text \<open>Energy of an L^2 Fourier transform on the interval \<open>[-r, r]\<close>, by duality: testing with
  \<open>\<phi> = 1_{[-r,r]} conj g \<in> L^1 \<inter> L^2\<close> gives \<open>I = \<integral> h \<phi>^ \<le> \<pi>\<parallel>h\<parallel>^2 + \<parallel>\<phi>^\<parallel>^2/(4\<pi>) \<le> \<pi>\<parallel>h\<parallel>^2 + I/2\<close>.\<close>
lemma fourier_L2_truncated_energy:
  fixes r :: real
  assumes hg: "fourier_L2 h g"
  shows "(\<integral>k. indicator {-r..r} k * (cmod (g k))\<^sup>2 \<partial>lborel) \<le> 2*pi * (\<integral>x. (cmod (h x))\<^sup>2 \<partial>lborel)"
proof -
  have Lh: "is_L2 h" and Lg: "is_L2 g" using hg unfolding fourier_L2_def by auto
  have [measurable]: "g \<in> borel_measurable borel" using Lg by (rule is_L2_meas)
  have g_sq: "integrable lborel (\<lambda>k. (cmod (g k))\<^sup>2)" using Lg by (rule is_L2_sq)
  define I where "I = (\<integral>k. indicator {-r..r} k * (cmod (g k))\<^sup>2 \<partial>lborel)"
  define \<phi> where "\<phi> = (\<lambda>k. indicator {-r..r} k *\<^sub>R cnj (g k))"
  have [measurable]: "\<phi> \<in> borel_measurable borel" unfolding \<phi>_def by measurable
  have \<phi>_sq_eq: "(cmod (\<phi> k))\<^sup>2 = indicator {-r..r} k * (cmod (g k))\<^sup>2" for k
    unfolding \<phi>_def by (auto simp: indicator_def)
  have \<phi>_int: "integrable lborel \<phi>"
  proof (rule Bochner_Integration.integrable_bound)
    show "integrable lborel (\<lambda>k. indicator {-r..r} k + (cmod (g k))\<^sup>2)"
      using g_sq by (intro Bochner_Integration.integrable_add integrable_real_indicator)
        (auto simp: emeasure_lborel_Icc_eq)
    have "cmod (g k) \<le> 1 + (cmod (g k))\<^sup>2" for k
      using sum_squares_bound[of 1 "cmod (g k)"] norm_ge_zero[of "g k"] unfolding power_one by linarith
    then show "AE k in lborel. norm (\<phi> k) \<le> norm (indicator {-r..r} k + (cmod (g k))\<^sup>2)"
      unfolding \<phi>_def by (intro AE_I2) (auto simp: indicator_def)
  qed simp
  have \<phi>_L2: "is_L2 \<phi>"
    unfolding is_L2_def \<phi>_sq_eq using integrable_mult_indicator[of "{-r..r}" lborel, OF _ g_sq] by simp
  have \<phi>_sq: "integrable lborel (\<lambda>k. (cmod (\<phi> k))\<^sup>2)" using \<phi>_L2 by (rule is_L2_sq)
  note plancherel = plancherel_le[of \<phi>, OF _ \<phi>_int \<phi>_sq, simplified]
  have "complex_of_real I = (\<integral>k. complex_of_real (indicator {-r..r} k * (cmod (g k))\<^sup>2) \<partial>lborel)"
    unfolding I_def by (rule integral_complex_of_real[symmetric])
  also have "\<dots> = (\<integral>k. g k * \<phi> k \<partial>lborel)"
    unfolding \<phi>_def using complex_norm_square
    by (intro Bochner_Integration.integral_cong) (auto simp: indicator_def)
  also have "\<dots> = (\<integral>x. h x * fourier_L1 \<phi> x \<partial>lborel)"
    using hg \<phi>_int \<phi>_L2 unfolding fourier_L2_def by auto
  finally have duality: "complex_of_real I = (\<integral>x. h x * fourier_L1 \<phi> x \<partial>lborel)" .
  have "I \<le> (\<integral>x. norm (h x * fourier_L1 \<phi> x) \<partial>lborel)"
    using integral_norm_bound[of lborel "\<lambda>x. h x * fourier_L1 \<phi> x"] unfolding duality[symmetric] by simp
  also have "\<dots> \<le> (\<integral>x. pi * (cmod (h x))\<^sup>2 + (cmod (fourier_L1 \<phi> x))\<^sup>2 / (4*pi) \<partial>lborel)"
  proof (rule integral_mono)
    show "integrable lborel (\<lambda>x. norm (h x * fourier_L1 \<phi> x))"
      using L2_prod_int[OF Lh plancherel(1)] by simp
    show "integrable lborel (\<lambda>x. pi * (cmod (h x))\<^sup>2 + (cmod (fourier_L1 \<phi> x))\<^sup>2 / (4*pi))"
      using is_L2_sq[OF Lh] is_L2_sq[OF plancherel(1)] by auto
    show "norm (h x * fourier_L1 \<phi> x) \<le> pi * (cmod (h x))\<^sup>2 + (cmod (fourier_L1 \<phi> x))\<^sup>2 / (4*pi)" for x
      using young_parameter[of "2*pi" "cmod (h x)" "cmod (fourier_L1 \<phi> x)"] by (simp add: norm_mult)
  qed
  also have "\<dots> = pi * (\<integral>x. (cmod (h x))\<^sup>2 \<partial>lborel) + (\<integral>x. (cmod (fourier_L1 \<phi> x))\<^sup>2 \<partial>lborel) / (4*pi)"
    using is_L2_sq[OF Lh] is_L2_sq[OF plancherel(1)] by simp
  also have "\<dots> \<le> pi * (\<integral>x. (cmod (h x))\<^sup>2 \<partial>lborel) + (2*pi * I) / (4*pi)"
    using plancherel(2) unfolding \<phi>_sq_eq I_def by (intro add_left_mono divide_right_mono) auto
  finally show ?thesis unfolding I_def by (simp add: field_simps)
qed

* * * * *

**WHAT THE TASK ASKS:** Each line of the listing above that includes the word "duality" should be copied.

**ANSWER FOR THE TASK:**
text \<open>Energy of an L^2 Fourier transform on the interval \<open>[-r, r]\<close>, by duality: testing with
  finally have duality: "complex_of_real I = (\<integral>x. h x * fourier_L1 \<phi> x \<partial>lborel)" .
    using integral_norm_bound[of lborel "\<lambda>x. h x * fourier_L1 \<phi> x"] unfolding duality[symmetric] by simp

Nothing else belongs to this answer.